» What is required
Scan the entries below and tally the lines that include "imports". Return nothing but the tally.
• • • • • • •
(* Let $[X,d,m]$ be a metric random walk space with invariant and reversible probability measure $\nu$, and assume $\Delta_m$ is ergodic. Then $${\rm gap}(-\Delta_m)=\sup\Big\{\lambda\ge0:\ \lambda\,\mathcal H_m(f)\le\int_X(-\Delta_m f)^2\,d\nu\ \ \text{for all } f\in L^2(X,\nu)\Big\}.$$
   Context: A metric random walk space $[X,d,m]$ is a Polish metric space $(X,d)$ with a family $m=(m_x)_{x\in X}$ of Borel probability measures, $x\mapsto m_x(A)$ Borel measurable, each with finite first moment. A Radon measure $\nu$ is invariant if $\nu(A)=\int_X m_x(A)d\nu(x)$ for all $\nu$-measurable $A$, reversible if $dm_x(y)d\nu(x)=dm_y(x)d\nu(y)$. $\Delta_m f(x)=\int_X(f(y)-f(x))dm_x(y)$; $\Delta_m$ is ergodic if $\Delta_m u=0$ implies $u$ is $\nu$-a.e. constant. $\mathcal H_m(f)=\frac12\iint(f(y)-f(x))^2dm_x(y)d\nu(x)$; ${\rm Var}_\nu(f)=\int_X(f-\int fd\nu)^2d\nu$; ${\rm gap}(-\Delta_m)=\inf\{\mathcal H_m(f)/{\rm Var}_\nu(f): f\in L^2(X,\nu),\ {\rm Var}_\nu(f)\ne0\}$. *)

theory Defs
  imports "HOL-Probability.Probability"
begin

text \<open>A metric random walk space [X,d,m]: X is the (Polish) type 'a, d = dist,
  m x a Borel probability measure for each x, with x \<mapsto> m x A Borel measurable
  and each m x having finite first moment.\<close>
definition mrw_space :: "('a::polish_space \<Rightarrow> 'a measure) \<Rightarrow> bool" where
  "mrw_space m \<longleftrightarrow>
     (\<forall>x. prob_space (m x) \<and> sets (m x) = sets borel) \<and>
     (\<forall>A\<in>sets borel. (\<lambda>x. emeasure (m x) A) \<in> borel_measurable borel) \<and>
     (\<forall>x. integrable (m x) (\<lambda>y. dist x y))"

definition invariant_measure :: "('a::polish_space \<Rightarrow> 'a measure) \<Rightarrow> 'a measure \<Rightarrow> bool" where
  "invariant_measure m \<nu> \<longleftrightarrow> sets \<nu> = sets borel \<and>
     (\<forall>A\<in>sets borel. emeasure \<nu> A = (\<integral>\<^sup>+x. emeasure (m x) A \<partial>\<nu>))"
• • • • • • •
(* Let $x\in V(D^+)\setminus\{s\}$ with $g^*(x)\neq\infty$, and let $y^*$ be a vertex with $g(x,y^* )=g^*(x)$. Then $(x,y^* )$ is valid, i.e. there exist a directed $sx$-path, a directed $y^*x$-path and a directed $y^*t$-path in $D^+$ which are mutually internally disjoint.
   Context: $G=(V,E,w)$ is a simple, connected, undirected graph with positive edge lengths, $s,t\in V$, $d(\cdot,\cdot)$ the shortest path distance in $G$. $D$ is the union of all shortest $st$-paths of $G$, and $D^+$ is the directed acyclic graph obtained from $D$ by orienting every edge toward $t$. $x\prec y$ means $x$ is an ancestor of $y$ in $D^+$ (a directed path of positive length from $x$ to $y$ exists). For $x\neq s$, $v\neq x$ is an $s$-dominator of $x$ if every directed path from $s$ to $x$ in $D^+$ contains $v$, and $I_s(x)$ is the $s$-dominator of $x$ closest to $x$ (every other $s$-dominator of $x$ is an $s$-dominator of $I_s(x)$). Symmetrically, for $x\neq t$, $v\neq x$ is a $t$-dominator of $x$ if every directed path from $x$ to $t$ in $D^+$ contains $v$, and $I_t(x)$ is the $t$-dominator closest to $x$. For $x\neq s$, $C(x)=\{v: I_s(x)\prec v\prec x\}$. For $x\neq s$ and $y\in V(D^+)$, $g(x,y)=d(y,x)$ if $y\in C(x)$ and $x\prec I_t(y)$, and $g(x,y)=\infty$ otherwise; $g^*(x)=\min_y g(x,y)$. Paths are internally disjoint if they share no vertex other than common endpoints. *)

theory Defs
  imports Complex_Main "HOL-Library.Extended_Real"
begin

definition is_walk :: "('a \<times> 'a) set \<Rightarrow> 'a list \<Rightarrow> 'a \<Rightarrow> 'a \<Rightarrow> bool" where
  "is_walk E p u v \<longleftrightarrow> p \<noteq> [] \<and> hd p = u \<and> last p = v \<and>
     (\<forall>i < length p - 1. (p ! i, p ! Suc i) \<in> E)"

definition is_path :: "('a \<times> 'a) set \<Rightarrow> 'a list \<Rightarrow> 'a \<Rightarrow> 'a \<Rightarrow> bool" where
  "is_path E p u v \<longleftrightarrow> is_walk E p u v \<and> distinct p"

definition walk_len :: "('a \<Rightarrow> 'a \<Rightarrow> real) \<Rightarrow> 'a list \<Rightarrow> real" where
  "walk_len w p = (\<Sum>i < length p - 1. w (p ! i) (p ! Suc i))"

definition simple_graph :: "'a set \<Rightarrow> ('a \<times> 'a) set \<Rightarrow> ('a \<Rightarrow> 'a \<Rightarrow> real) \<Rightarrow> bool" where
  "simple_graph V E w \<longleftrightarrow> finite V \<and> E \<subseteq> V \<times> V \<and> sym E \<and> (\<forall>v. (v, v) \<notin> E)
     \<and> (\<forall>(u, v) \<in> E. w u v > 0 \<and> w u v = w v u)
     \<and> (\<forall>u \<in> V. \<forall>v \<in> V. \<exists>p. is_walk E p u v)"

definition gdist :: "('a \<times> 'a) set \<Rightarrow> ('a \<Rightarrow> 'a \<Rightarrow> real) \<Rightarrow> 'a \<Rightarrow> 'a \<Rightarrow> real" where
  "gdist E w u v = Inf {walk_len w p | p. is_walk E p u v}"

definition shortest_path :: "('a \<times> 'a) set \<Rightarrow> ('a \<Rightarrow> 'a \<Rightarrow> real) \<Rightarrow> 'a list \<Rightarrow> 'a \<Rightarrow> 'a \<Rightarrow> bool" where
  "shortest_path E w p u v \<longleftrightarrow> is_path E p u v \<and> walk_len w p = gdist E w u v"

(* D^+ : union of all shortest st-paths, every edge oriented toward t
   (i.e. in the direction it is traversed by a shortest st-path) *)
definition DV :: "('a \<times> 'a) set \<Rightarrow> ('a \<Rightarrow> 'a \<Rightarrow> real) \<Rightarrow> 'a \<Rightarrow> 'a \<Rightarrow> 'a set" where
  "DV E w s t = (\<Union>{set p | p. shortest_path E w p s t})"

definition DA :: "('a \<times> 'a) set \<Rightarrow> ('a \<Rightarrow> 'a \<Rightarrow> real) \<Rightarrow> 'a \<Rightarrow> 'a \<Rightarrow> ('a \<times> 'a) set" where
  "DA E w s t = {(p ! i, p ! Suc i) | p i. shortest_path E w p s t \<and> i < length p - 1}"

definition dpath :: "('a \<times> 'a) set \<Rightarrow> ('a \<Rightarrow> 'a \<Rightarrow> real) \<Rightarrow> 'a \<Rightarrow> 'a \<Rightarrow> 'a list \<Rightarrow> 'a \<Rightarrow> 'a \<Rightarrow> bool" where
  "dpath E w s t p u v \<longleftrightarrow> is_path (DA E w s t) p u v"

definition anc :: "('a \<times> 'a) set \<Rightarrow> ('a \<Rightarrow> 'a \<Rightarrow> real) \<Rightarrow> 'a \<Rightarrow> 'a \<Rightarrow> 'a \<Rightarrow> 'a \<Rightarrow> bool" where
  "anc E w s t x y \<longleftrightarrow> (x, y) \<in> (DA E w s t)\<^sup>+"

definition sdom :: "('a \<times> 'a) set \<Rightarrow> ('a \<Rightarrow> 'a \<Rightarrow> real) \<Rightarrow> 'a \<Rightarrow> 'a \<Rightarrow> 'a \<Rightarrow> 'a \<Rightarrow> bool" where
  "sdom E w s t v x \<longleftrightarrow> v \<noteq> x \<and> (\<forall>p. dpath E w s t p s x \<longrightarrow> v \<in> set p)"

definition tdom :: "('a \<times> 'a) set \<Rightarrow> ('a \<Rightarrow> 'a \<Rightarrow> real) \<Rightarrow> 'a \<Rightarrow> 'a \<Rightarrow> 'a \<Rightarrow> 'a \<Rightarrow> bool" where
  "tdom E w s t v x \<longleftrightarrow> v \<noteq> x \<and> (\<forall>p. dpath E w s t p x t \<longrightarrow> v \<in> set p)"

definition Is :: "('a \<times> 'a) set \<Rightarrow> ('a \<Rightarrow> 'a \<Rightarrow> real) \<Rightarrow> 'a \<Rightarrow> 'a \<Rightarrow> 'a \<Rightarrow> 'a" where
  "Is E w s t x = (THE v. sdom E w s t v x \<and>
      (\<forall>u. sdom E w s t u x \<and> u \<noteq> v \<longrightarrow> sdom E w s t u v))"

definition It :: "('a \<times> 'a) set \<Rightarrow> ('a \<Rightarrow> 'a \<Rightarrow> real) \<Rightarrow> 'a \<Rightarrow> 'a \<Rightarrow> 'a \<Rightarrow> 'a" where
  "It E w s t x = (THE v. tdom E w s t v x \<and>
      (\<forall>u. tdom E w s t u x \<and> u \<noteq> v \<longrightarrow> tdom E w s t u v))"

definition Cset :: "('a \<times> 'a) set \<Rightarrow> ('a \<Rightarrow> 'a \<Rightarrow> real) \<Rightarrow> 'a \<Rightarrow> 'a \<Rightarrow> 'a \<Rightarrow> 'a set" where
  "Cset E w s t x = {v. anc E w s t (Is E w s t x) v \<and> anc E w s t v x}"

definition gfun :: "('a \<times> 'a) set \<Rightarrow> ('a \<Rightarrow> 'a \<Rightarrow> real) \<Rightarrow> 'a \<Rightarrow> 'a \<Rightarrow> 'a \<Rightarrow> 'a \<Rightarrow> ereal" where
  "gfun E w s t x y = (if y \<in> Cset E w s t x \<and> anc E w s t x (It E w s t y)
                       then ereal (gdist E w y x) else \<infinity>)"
• • • • • • •
» Answer box
2